Specification Xeon D-2143IT EPYC 3251
Number of Cores 8 8
Number of Threads 16 16
Lithography, nM 14 14
L2 Cache, Mb 4
L3 Cache, Mb 11 (L2+L3) 16
TDP, Wt 65 55
Base Frequency, GHz 2.2 2.5
Turbo Frequency, GHz 3.0 3.1
Memory subsystem
Number of memory Channels 4 2
Max. Frequency of DRAM, MHz 2133 2666

We have a motherboard that reveals the whole essence of an integrated processor with TDP 55 Wt. In the Mini-ITX format, the ASRockrack EPYC3251D4I-2T model has a pair of 10-Gigabit copper interfaces, supports up to 256 GB of RAM, and on conventional RDIMM modules, and not on expensive LRDIMM. If you want to save even more, you can use desktop “non-ECC” memory.

As you can see, in the RAM area, the differences between the EPYC 3251 and the Xeon D-2143 are very significant: AMD has fewer channels, but higher frequency, plus the ability to use desktop RAM.

Network Subsystem

ASRockRack has not indulged customers with a large number of network ports for a long time, believing that the built-in 20 gigabits/s will be enough for any needs. In addition, using these ports in out-of-band mode, you can access the IPMI interface of the motherboard, if for some reason you do not want to use a dedicated network port. Interestingly, a separate Intel X550-T2 controller is used for the network, rather than a built-in AMD processor. This should increase compatibility with capricious software, especially in features like SR-IOV.
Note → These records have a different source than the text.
(* Let $k\ge1$ and $A,B\in SL(k,\mathbb Z)$. If $S_A$ is of diagonal type and $S_B$ is of non-diagonal type, then $S_A$ is not isomorphic to $S_B$.
   Context: For $A\in SL(k,\mathbb Z)$, $S_A$ denotes the semi-direct product $\mathbb Z\ltimes\mathbb Z^k$ associated with the action of $\mathbb Z$ on $\mathbb Z^k$ given by $m\circ x=A^m x$. $S_A$ is said to be of diagonal type if $A$ is diagonalizable over $\mathbb C$ and all its eigenvalues are different from $1$; it is of non-diagonal type if $A$ is not diagonalizable over $\mathbb C$ and all its eigenvalues are different from $1$. *)

theory Defs
  imports "HOL-Analysis.Analysis" "HOL-Algebra.Group"
begin

text \<open>Integer matrices of size k = CARD('n); SL(k,Z) = determinant 1.\<close>
definition in_SL :: "int^'n^'n \<Rightarrow> bool" where
  "in_SL A \<longleftrightarrow> det A = 1"

definition int_matpow :: "int^'n^'n \<Rightarrow> int \<Rightarrow> int^'n^'n" where
  "int_matpow A m = (if 0 \<le> m then ((\<lambda>M. A ** M) ^^ nat m) (mat 1)
                     else ((\<lambda>M. matrix_inv A ** M) ^^ nat (- m)) (mat 1))"

definition S_grp :: "int^'n^'n \<Rightarrow> (int \<times> (int^'n)) monoid" where
  "S_grp A = \<lparr> carrier = UNIV,
              mult = (\<lambda>(m, x) (m', x'). (m + m', x + int_matpow A m *v x')),
              one = (0, 0) \<rparr>"

definition cmat :: "int^'n^'n \<Rightarrow> complex^'n^'n" where
  "cmat A = map_matrix of_int A"

definition is_eigenvalue_C :: "int^'n^'n \<Rightarrow> complex \<Rightarrow> bool" where
  "is_eigenvalue_C A c \<longleftrightarrow> (\<exists>v::complex^'n. v \<noteq> 0 \<and> cmat A *v v = c *s v)"

definition diagonalizable_C :: "int^'n^'n \<Rightarrow> bool" where
  "diagonalizable_C A \<longleftrightarrow> (\<exists>P D::complex^'n^'n. invertible P \<and>
      (\<forall>i j. i \<noteq> j \<longrightarrow> D $ i $ j = 0) \<and> cmat A = P ** D ** matrix_inv P)"

definition diagonal_type :: "int^'n^'n \<Rightarrow> bool" where
  "diagonal_type A \<longleftrightarrow> diagonalizable_C A \<and> (\<forall>c. is_eigenvalue_C A c \<longrightarrow> c \<noteq> 1)"

definition non_diagonal_type :: "int^'n^'n \<Rightarrow> bool" where
  "non_diagonal_type A \<longleftrightarrow> \<not> diagonalizable_C A \<and> (\<forall>c. is_eigenvalue_C A c \<longrightarrow> c \<noteq> 1)"

end

(* An isomorphism h from S_A to S_B maps the normal subgroup Z^k of S_A into that of S_B:
   the Z-coordinate of h on Z^k is an additive form c with c A = c, and c = 0 because A has
   no eigenvalue 1.  So h restricts to an integer matrix P with integer inverse, and comparing
   h((1,0)(0,x)) with h((0,Ax)(1,0)) gives B^e P = P A, where (e, y) = h(1,0).  Since h
   induces an isomorphism of the quotients Z, e = 1 or e = -1.  Thus B^e is similar to A,
   hence diagonalizable over C, and so is B, which is B^e or its inverse. *)

theory Submission
  imports Defs
begin

lemma matrix_inv_inverse:
  assumes "invertible (M::'a::semiring_1^'n^'n)"
  shows "M ** matrix_inv M = mat 1" and "matrix_inv M ** M = mat 1"
  using someI_ex[OF assms[unfolded invertible_def]] by (simp_all add: matrix_inv_def)

lemma matrix_inv_eq_right_inverse:
  assumes "invertible (M::'a::semiring_1^'n^'n)" and "M ** N = mat 1"
  shows "matrix_inv M = N"
  by (metis assms matrix_inv_inverse(2) matrix_mul_assoc matrix_mul_lid matrix_mul_rid)

lemma matrix_vector_mult_axis_nth: "(M *v axis i 1) $ j = (M $ j $ i :: 'a::semiring_1)"
  by (simp add: matrix_vector_mult_def axis_def if_distrib cong: if_cong)

lemma left_fixed_vector_eq_0:
  fixes M :: "'a::field^'n^'n"
  assumes no_fix: "\<And>v. M *v v = v \<Longrightarrow> v = 0" and "c v* M = c"
  shows "c = 0"
proof -
  have "inj ((*v) (M - mat 1))"
  proof (rule injI)
    fix v w
    assume "(M - mat 1) *v v = (M - mat 1) *v w"
    then have "M *v (v - w) = v - w"
      by (simp add: algebra_simps)
    then show "v = w"
      using no_fix[of "v - w"] by simp
  qed
  then obtain X where "X ** (M - mat 1) = mat 1"
    using matrix_left_invertible_injective by blast
  then have "(M - mat 1) ** X = mat 1"
    using matrix_left_right_inverse by blast
  then have "c = (c v* (M - mat 1)) v* X"
    by (simp add: vector_matrix_mul_assoc)
  also have "\<dots> = 0"
    using assms(2) by (simp add: algebra_simps)
  finally show ?thesis .
qed

lemma additive_int_vec_eq_sum:
  fixes f :: "int^'n \<Rightarrow> int"
  assumes add: "\<And>x y. f (x + y) = f x + f y"
  shows "f x = (\<Sum>j\<in>UNIV. x $ j * f (axis j 1))"
proof -
  have f0: "f 0 = 0"
    using add[of 0 0] by simp
  have f_uminus: "f (- v) = - f v" for v
    using add[of v "- v"] f0 by simp
  have f_nat_scale: "f (int n *s v) = int n * f v" for n v
  proof (induction n)
    case (Suc n)
    have "int (Suc n) *s v = v + int n *s v"
      by (simp add: vector_sadd_rdistrib)
    then show ?case
      using Suc add by (simp add: algebra_simps)
  qed (simp add: f0)
  have f_scale: "f (m *s v) = m * f v" for m v
  proof (cases "m \<ge> 0")
    case True
    then show ?thesis
      using f_nat_scale[of "nat m" v] by simp
  next
    case False
    then have "m *s v = - (int (nat (- m)) *s v)"
      by (simp add: vec_eq_iff)
    then show ?thesis
      using f_nat_scale[of "nat (- m)" v] f_uminus False by simp
  qed
  have f_sum: "f (sum g S) = (\<Sum>j\<in>S. f (g j))" if "finite S" for g and S :: "'n set"
    using that by (induction S rule: finite_induct) (simp_all add: f0 add)
  have "f x = f (\<Sum>j\<in>UNIV. x $ j *s axis j 1)"
    by (simp add: basis_expansion)
  also have "\<dots> = (\<Sum>j\<in>UNIV. x $ j * f (axis j 1))"
    by (simp add: f_sum f_scale)
  finally show ?thesis .
qed

definition diagonal_mat :: "'a::zero^'n^'n \<Rightarrow> bool" where
  "diagonal_mat D \<longleftrightarrow> (\<forall>i j. i \<noteq> j \<longrightarrow> D $ i $ j = 0)"

definition diagonalizable_mat :: "'a::field^'n^'n \<Rightarrow> bool" where
  "diagonalizable_mat M \<longleftrightarrow>
    (\<exists>P D :: 'a^'n^'n. invertible P \<and> diagonal_mat D \<and> M = P ** D ** matrix_inv P)"

lemma diagonalizable_similar:
  fixes M X Y :: "'a::field^'n^'n"
  assumes "diagonalizable_mat M" and XY: "X ** Y = mat 1"
  shows "diagonalizable_mat (X ** M ** Y)"
proof -
  obtain P D :: "'a^'n^'n"
    where P: "invertible P" and D: "diagonal_mat D" and M: "M = P ** D ** matrix_inv P"
    using assms(1) unfolding diagonalizable_mat_def by blast
  have XP: "invertible (X ** P)"
    using XY P invertible_right_inverse invertible_mult by blast
  have "(X ** P) ** (matrix_inv P ** Y) = X ** (P ** matrix_inv P) ** Y"
    by (simp add: matrix_mul_assoc)
  then have "matrix_inv (X ** P) = matrix_inv P ** Y"
    using XP XY matrix_inv_eq_right_inverse by (metis P matrix_inv_inverse(1) matrix_mul_rid)
  then have "X ** M ** Y = (X ** P) ** D ** matrix_inv (X ** P)"
    by (simp add: M matrix_mul_assoc)
  with XP D show ?thesis
    unfolding diagonalizable_mat_def by blast
qed

lemma diagonal_right_inverse:
  fixes D E :: "'a::field^'n^'n"
  assumes D: "diagonal_mat D" and DE: "D ** E = mat 1"
  shows "diagonal_mat E"
  unfolding diagonal_mat_def
proof (intro allI impI)
  fix i j :: 'n
  assume "i \<noteq> j"
  have DE_entry: "(D ** E) $ i $ j = D $ i $ i * E $ i $ j" for j
  proof -
    have "(D ** E) $ i $ j = (\<Sum>k\<in>UNIV. D $ i $ k * E $ k $ j)"
      by (simp add: matrix_matrix_mult_def)
    also have "\<dots> = (\<Sum>k\<in>UNIV. if k = i then D $ i $ i * E $ i $ j else 0)"
      using D by (intro sum.cong) (auto simp: diagonal_mat_def)
    finally show ?thesis
      by simp
  qed
  have "D $ i $ i \<noteq> 0"
    using DE_entry[of i] DE by (auto simp: mat_def)
  moreover have "D $ i $ i * E $ i $ j = 0"
    using DE_entry[of j] DE \<open>i \<noteq> j\<close> by (simp add: mat_def)
  ultimately show "E $ i $ j = 0"
    by simp
qed

lemma diagonalizable_right_inverse:
  fixes M N :: "'a::field^'n^'n"
  assumes "diagonalizable_mat M" and MN: "M ** N = mat 1"
  shows "diagonalizable_mat N"
proof -
  obtain P D :: "'a^'n^'n"
    where P: "invertible P" and D: "diagonal_mat D" and M: "M = P ** D ** matrix_inv P"
    using assms(1) unfolding diagonalizable_mat_def by blast
  define P' where "P' = matrix_inv P"
  have PP': "P ** P' = mat 1" and P'P: "P' ** P = mat 1"
    using matrix_inv_inverse[OF P] by (simp_all add: P'_def)
  define E where "E = P' ** N ** P"
  have "P' ** M ** P = (P' ** P) ** D ** (P' ** P)"
    by (simp add: M P'_def matrix_mul_assoc)
  then have "D = P' ** M ** P"
    by (simp add: P'P)
  then have "D ** E = P' ** (M ** (P ** P') ** N) ** P"
    by (simp add: E_def matrix_mul_assoc)
  then have "diagonal_mat E"
    using diagonal_right_inverse[OF D] by (simp add: PP' MN P'P)
  moreover have "P ** E ** P' = (P ** P') ** N ** (P ** P')"
    by (simp add: E_def matrix_mul_assoc)
  then have "N = P ** E ** P'"
    by (simp add: PP')
  ultimately show ?thesis
    using P unfolding diagonalizable_mat_def P'_def by blast
qed

definition cvec :: "int^'n \<Rightarrow> complex^'n" where
  "cvec v = (\<chi> i. of_int (v $ i))"

lemma cmat_mult: "cmat (M ** N) = cmat M ** cmat N"
  by (simp add: cmat_def matrix_matrix_mult_def vec_eq_iff of_int_sum)

lemma cmat_mult_cvec: "cmat M *v cvec v = cvec (M *v v)"
  by (simp add: cmat_def cvec_def matrix_vector_mult_def vec_eq_iff of_int_sum)

lemma cvec_vector_matrix_mult: "cvec v v* cmat M = cvec (v v* M)"
  by (simp add: cmat_def cvec_def vector_matrix_mult_def vec_eq_iff of_int_sum)

lemma cmat_mat: "cmat (mat 1) = mat 1"
  by (simp add: cmat_def mat_def vec_eq_iff)

lemma cmat_inject: "cmat M = cmat N \<longleftrightarrow> M = N"
  by (simp add: cmat_def vec_eq_iff)

lemma cvec_inject: "cvec v = cvec w \<longleftrightarrow> v = w"
  by (simp add: cvec_def vec_eq_iff)

lemma cvec_eq_0_iff: "cvec v = 0 \<longleftrightarrow> v = 0"
  by (simp add: cvec_def vec_eq_iff)

lemma det_cmat: "det (cmat M) = of_int (det M)"
  by (simp add: det_def cmat_def of_int_sum of_int_prod)

lemma cmat_right_inverse:
  assumes "M ** N = mat 1"
  shows "cmat N ** cmat M = mat 1"
proof -
  have "cmat M ** cmat N = mat 1"
    by (simp add: assms cmat_mat flip: cmat_mult)
  then show ?thesis
    using matrix_left_right_inverse by blast
qed

lemma diagonalizable_C_iff_diagonalizable_cmat:
  "diagonalizable_C A \<longleftrightarrow> diagonalizable_mat (cmat A)"
  by (simp add: diagonalizable_C_def diagonalizable_mat_def diagonal_mat_def)

text \<open>Over \<open>\<int>\<close> Cramer's rule needs no division once \<open>det M = 1\<close>.\<close>

lemma int_cramer_solution:
  fixes M :: "int^'n^'n"
  assumes "det M = 1"
  shows "M *v (\<chi> k. det (\<chi> i l. if l = k then b $ i else M $ i $ l)) = b"
proof -
  define x where "x = (\<chi> k. det (\<chi> i l. if l = k then b $ i else M $ i $ l))"
  have cdet: "det (cmat M) = 1"
    using assms by (simp add: det_cmat)
  then have ne: "det (cmat M) \<noteq> 0"
    by simp
  have cmat_replaced: "cmat (\<chi> i l. if l = k then b $ i else M $ i $ l)
      = (\<chi> i l. if l = k then cvec b $ i else cmat M $ i $ l)" for k
    by (simp add: cmat_def cvec_def vec_eq_iff)
  have "of_int (det (\<chi> i l. if l = k then b $ i else M $ i $ l))
      = det (\<chi> i l. if l = k then cvec b $ i else cmat M $ i $ l)" for k
    by (simp only: cmat_replaced flip: det_cmat)
  then have "cvec x =
      (\<chi> k. det (\<chi> i l. if l = k then cvec b $ i else cmat M $ i $ l) / det (cmat M))"
    by (simp add: x_def cvec_def cdet)
  then have "cmat M *v cvec x = cvec b"
    unfolding cramer[OF ne] .
  then show ?thesis
    by (simp add: x_def cmat_mult_cvec cvec_inject)
qed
The network controller supports PXE, and the first LAN port supports NCSI. In the Arsenal of ASRockrack there are analogues of this Board with a 1-Gigabit network on the Intel i350 chip. As a rule, in boards with this controller there is a loading on iSCSI which at all is absent in 10-Gigabit variants. We recommend our review: Aquantia AQC107 vs Intel X550-T2 to get acquainted with the network adapter integrated on this motherboard.

Storage subsystem

For compact cases, which ASRockrack EPYC3251D4I-2T is designed for, there are plenty of features: 2 SATA-600 ports, one M.2 22110 (PCI - E 4x Gen3) and one Oculink, switchable to 4 SATA or 1 PCI-E (Gen3 4x). When you install a drive slot with SATA 3 interface in M.2, one of the SATA ports will be disabled, so there is no sense in this. That is, if you need more space - you can connect 6 hard drives + cache M.2 SSD PCI-E, if more speed-M.2 or PCI-E SSD. There is no hardware RAID on the board, so if you need something more-use a PCI-E controller.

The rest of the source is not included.